[Stored data entries]
-=-=-=-=-
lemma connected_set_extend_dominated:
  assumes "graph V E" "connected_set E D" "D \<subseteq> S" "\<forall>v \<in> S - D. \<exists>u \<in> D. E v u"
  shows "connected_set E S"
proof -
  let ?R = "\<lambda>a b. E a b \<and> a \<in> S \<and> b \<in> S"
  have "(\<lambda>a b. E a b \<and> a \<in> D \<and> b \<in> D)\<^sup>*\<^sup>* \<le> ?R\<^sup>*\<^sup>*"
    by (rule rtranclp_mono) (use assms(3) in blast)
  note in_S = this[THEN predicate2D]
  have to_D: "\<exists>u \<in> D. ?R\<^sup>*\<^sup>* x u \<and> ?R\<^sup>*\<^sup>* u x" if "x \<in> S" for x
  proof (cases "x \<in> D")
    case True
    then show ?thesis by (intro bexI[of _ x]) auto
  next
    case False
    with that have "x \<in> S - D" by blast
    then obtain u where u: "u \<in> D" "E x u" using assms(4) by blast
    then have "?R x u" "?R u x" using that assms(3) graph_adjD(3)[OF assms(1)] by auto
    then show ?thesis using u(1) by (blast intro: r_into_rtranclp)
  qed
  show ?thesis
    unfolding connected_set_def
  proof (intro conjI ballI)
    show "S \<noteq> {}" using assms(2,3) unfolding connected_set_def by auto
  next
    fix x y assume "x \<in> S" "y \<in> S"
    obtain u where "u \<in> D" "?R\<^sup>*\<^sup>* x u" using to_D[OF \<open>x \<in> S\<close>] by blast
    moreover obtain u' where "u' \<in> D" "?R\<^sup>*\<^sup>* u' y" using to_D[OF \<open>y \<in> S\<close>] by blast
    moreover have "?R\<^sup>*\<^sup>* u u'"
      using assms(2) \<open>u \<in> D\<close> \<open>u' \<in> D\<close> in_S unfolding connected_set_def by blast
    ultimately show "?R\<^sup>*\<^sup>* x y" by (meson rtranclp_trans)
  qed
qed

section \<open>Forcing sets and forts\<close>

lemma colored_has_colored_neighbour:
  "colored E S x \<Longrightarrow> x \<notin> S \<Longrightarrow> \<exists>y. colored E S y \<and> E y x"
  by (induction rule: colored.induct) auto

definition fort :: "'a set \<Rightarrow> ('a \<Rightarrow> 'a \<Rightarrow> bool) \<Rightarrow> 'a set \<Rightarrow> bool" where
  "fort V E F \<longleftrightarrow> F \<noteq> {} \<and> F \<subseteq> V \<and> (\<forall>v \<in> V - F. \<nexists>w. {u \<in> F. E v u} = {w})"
-=-=-=-=-
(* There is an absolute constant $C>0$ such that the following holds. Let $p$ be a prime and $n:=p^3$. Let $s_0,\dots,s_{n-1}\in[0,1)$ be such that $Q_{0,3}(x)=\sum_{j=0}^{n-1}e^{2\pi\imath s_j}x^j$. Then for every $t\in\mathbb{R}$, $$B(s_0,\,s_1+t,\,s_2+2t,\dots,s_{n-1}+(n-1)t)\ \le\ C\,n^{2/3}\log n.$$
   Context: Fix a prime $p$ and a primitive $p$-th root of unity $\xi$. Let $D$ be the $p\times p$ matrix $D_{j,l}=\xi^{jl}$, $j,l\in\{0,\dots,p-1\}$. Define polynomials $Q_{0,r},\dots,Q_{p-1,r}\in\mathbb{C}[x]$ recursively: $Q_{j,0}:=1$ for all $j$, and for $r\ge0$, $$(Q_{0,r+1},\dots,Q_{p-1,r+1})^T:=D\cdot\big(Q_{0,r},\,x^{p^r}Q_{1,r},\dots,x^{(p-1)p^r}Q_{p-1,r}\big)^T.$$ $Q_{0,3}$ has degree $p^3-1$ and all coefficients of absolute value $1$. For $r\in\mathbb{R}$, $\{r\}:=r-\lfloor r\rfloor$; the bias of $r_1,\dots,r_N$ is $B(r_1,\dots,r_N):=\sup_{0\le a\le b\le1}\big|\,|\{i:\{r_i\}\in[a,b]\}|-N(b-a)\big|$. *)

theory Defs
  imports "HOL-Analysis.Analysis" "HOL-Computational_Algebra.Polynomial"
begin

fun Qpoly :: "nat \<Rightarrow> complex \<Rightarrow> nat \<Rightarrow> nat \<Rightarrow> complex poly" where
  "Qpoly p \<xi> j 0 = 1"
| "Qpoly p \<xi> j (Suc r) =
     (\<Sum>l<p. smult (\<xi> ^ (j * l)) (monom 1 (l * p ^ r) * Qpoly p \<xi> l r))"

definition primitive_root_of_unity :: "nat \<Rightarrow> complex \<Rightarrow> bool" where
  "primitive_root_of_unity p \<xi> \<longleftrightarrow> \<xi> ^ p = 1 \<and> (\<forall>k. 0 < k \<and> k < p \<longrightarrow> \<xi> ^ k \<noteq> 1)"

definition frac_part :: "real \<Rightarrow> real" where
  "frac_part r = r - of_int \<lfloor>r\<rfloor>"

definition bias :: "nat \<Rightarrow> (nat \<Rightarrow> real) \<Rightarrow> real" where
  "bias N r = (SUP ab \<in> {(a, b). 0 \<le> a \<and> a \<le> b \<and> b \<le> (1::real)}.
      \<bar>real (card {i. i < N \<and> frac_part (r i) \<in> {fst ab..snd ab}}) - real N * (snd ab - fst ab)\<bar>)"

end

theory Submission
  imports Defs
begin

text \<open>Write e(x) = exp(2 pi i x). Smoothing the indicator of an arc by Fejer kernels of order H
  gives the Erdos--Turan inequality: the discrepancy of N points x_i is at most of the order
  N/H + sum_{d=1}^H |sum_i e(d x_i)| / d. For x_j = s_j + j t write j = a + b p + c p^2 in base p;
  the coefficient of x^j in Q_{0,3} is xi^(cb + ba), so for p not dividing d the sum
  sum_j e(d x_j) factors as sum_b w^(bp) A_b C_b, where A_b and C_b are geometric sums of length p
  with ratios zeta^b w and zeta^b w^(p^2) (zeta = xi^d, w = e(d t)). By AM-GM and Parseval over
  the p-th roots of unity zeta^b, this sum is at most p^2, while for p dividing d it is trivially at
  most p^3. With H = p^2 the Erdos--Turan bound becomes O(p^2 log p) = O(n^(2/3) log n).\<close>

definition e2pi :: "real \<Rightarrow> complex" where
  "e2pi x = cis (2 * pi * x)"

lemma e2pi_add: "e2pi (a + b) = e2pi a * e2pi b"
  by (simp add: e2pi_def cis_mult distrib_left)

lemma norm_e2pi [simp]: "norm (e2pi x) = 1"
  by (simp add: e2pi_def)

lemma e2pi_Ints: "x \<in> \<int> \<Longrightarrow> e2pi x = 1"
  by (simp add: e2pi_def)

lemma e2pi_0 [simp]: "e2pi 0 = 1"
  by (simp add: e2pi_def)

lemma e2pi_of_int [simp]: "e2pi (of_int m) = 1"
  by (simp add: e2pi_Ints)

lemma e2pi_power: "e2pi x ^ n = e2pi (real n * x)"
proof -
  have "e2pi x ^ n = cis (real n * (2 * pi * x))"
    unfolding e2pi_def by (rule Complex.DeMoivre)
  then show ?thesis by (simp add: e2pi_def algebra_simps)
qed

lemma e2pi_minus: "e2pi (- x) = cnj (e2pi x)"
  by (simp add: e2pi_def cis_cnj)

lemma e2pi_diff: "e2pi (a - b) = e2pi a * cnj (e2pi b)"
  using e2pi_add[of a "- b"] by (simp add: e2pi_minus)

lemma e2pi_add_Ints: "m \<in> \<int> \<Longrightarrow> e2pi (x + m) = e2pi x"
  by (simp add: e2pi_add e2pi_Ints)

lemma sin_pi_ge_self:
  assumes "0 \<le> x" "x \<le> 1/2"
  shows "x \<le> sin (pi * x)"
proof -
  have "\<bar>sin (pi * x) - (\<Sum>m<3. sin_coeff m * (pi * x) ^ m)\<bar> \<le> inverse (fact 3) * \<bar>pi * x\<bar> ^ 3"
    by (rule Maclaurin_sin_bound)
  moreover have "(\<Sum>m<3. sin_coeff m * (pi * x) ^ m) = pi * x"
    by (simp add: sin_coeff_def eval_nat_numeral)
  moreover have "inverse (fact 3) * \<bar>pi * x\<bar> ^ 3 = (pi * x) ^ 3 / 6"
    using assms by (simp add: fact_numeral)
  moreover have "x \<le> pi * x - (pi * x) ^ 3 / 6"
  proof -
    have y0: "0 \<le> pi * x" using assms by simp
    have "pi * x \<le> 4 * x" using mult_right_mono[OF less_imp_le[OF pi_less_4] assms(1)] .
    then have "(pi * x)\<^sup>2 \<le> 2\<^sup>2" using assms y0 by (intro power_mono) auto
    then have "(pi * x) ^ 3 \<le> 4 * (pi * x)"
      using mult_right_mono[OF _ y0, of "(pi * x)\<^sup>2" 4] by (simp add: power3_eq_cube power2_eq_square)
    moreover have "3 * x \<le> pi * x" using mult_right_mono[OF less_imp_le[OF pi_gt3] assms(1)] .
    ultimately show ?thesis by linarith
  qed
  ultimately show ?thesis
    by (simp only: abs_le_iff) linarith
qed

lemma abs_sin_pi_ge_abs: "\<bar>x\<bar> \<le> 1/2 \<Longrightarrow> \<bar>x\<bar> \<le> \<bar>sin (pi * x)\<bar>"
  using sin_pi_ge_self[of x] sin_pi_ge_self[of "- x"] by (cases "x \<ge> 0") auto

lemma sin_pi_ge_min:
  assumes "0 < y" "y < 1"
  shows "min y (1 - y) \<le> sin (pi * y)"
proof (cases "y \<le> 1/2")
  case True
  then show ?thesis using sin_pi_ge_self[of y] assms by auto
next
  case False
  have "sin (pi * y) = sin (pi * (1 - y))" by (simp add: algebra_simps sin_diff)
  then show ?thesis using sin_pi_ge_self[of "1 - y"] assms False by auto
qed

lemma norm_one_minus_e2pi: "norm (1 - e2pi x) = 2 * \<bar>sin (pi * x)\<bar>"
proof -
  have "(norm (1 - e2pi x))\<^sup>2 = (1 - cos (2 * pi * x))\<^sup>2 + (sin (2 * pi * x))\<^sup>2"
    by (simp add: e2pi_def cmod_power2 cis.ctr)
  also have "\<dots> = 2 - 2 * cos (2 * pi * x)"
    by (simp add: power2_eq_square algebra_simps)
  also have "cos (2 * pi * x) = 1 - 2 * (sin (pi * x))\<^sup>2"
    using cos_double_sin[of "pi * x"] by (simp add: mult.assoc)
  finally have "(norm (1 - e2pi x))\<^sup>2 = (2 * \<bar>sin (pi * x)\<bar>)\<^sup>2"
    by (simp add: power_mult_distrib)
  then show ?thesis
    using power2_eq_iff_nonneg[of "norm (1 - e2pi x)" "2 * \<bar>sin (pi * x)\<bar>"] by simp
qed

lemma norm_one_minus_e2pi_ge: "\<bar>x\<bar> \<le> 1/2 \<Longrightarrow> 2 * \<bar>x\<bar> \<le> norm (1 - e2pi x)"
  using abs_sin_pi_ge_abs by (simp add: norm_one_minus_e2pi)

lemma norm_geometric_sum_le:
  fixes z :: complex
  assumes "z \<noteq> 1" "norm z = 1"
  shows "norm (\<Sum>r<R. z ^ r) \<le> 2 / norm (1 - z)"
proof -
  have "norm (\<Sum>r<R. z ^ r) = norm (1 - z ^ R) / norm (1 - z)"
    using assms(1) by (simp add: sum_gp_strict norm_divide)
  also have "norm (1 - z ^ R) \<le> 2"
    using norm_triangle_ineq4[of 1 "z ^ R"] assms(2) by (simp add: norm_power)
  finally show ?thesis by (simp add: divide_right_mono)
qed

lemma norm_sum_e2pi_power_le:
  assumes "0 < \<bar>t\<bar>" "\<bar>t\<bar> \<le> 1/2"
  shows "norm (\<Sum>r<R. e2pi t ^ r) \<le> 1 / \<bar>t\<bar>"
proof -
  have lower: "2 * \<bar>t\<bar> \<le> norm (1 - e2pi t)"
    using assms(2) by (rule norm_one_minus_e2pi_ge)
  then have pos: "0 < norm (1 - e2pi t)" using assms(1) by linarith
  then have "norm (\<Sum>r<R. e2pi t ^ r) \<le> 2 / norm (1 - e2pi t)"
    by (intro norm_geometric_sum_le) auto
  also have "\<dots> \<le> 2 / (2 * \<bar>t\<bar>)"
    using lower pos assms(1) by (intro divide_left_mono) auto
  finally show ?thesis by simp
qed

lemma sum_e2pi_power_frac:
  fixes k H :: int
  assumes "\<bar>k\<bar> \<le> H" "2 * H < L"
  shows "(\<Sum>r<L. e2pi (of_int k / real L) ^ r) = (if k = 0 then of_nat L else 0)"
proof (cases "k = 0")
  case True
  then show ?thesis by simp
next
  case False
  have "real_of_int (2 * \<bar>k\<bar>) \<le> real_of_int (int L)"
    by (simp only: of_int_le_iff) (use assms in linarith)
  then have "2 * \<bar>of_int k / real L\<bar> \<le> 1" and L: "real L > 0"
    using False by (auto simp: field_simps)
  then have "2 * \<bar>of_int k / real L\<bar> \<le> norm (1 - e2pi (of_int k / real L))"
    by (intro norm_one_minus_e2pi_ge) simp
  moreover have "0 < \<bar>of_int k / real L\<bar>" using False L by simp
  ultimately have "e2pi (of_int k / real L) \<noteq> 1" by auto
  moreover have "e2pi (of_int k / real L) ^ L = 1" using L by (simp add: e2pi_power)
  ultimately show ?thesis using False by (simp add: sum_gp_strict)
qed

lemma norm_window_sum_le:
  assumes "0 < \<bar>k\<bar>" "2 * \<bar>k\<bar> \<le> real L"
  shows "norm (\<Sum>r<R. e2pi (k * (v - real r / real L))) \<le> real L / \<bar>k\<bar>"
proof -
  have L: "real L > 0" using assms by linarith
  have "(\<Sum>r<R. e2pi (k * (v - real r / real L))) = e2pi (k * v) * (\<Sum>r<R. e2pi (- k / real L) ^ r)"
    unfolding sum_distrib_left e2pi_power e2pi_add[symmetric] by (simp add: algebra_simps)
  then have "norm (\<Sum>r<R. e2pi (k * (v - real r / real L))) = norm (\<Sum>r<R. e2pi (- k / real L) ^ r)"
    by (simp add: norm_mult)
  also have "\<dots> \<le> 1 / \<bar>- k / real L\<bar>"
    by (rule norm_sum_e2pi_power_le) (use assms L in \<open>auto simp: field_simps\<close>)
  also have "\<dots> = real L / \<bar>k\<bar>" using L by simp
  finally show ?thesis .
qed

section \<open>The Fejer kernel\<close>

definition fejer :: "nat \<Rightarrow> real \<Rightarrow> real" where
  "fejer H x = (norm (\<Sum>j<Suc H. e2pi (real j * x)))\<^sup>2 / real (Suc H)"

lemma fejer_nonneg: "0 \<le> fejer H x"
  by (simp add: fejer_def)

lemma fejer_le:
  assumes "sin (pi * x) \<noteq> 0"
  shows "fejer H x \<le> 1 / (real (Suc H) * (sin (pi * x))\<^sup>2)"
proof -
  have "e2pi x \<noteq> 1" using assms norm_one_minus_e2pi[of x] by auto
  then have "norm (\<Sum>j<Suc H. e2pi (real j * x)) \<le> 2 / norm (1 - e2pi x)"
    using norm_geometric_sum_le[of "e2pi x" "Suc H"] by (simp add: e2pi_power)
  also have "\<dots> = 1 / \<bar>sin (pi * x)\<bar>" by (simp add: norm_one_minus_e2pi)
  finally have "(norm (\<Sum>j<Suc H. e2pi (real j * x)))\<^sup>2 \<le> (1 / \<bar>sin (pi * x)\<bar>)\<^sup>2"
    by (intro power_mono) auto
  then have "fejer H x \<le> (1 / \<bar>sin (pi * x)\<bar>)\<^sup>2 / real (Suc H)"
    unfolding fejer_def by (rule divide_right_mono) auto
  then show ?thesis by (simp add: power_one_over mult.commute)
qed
-=-=-=-=-
Exercise:
Please give again the lines above between the line holding "using abs_sin_pi_ge_abs by" and the line holding "t ^ r) \<le> 1", inclusive, exactly as they are and with nothing added.

Expected output:
  using abs_sin_pi_ge_abs by (simp add: norm_one_minus_e2pi)

lemma norm_geometric_sum_le:
  fixes z :: complex
  assumes "z \<noteq> 1" "norm z = 1"
  shows "norm (\<Sum>r<R. z ^ r) \<le> 2 / norm (1 - z)"
proof -
  have "norm (\<Sum>r<R. z ^ r) = norm (1 - z ^ R) / norm (1 - z)"
    using assms(1) by (simp add: sum_gp_strict norm_divide)
  also have "norm (1 - z ^ R) \<le> 2"
    using norm_triangle_ineq4[of 1 "z ^ R"] assms(2) by (simp add: norm_power)
  finally show ?thesis by (simp add: divide_right_mono)
qed

lemma norm_sum_e2pi_power_le:
  assumes "0 < \<bar>t\<bar>" "\<bar>t\<bar> \<le> 1/2"
  shows "norm (\<Sum>r<R. e2pi t ^ r) \<le> 1 / \<bar>t\<bar>"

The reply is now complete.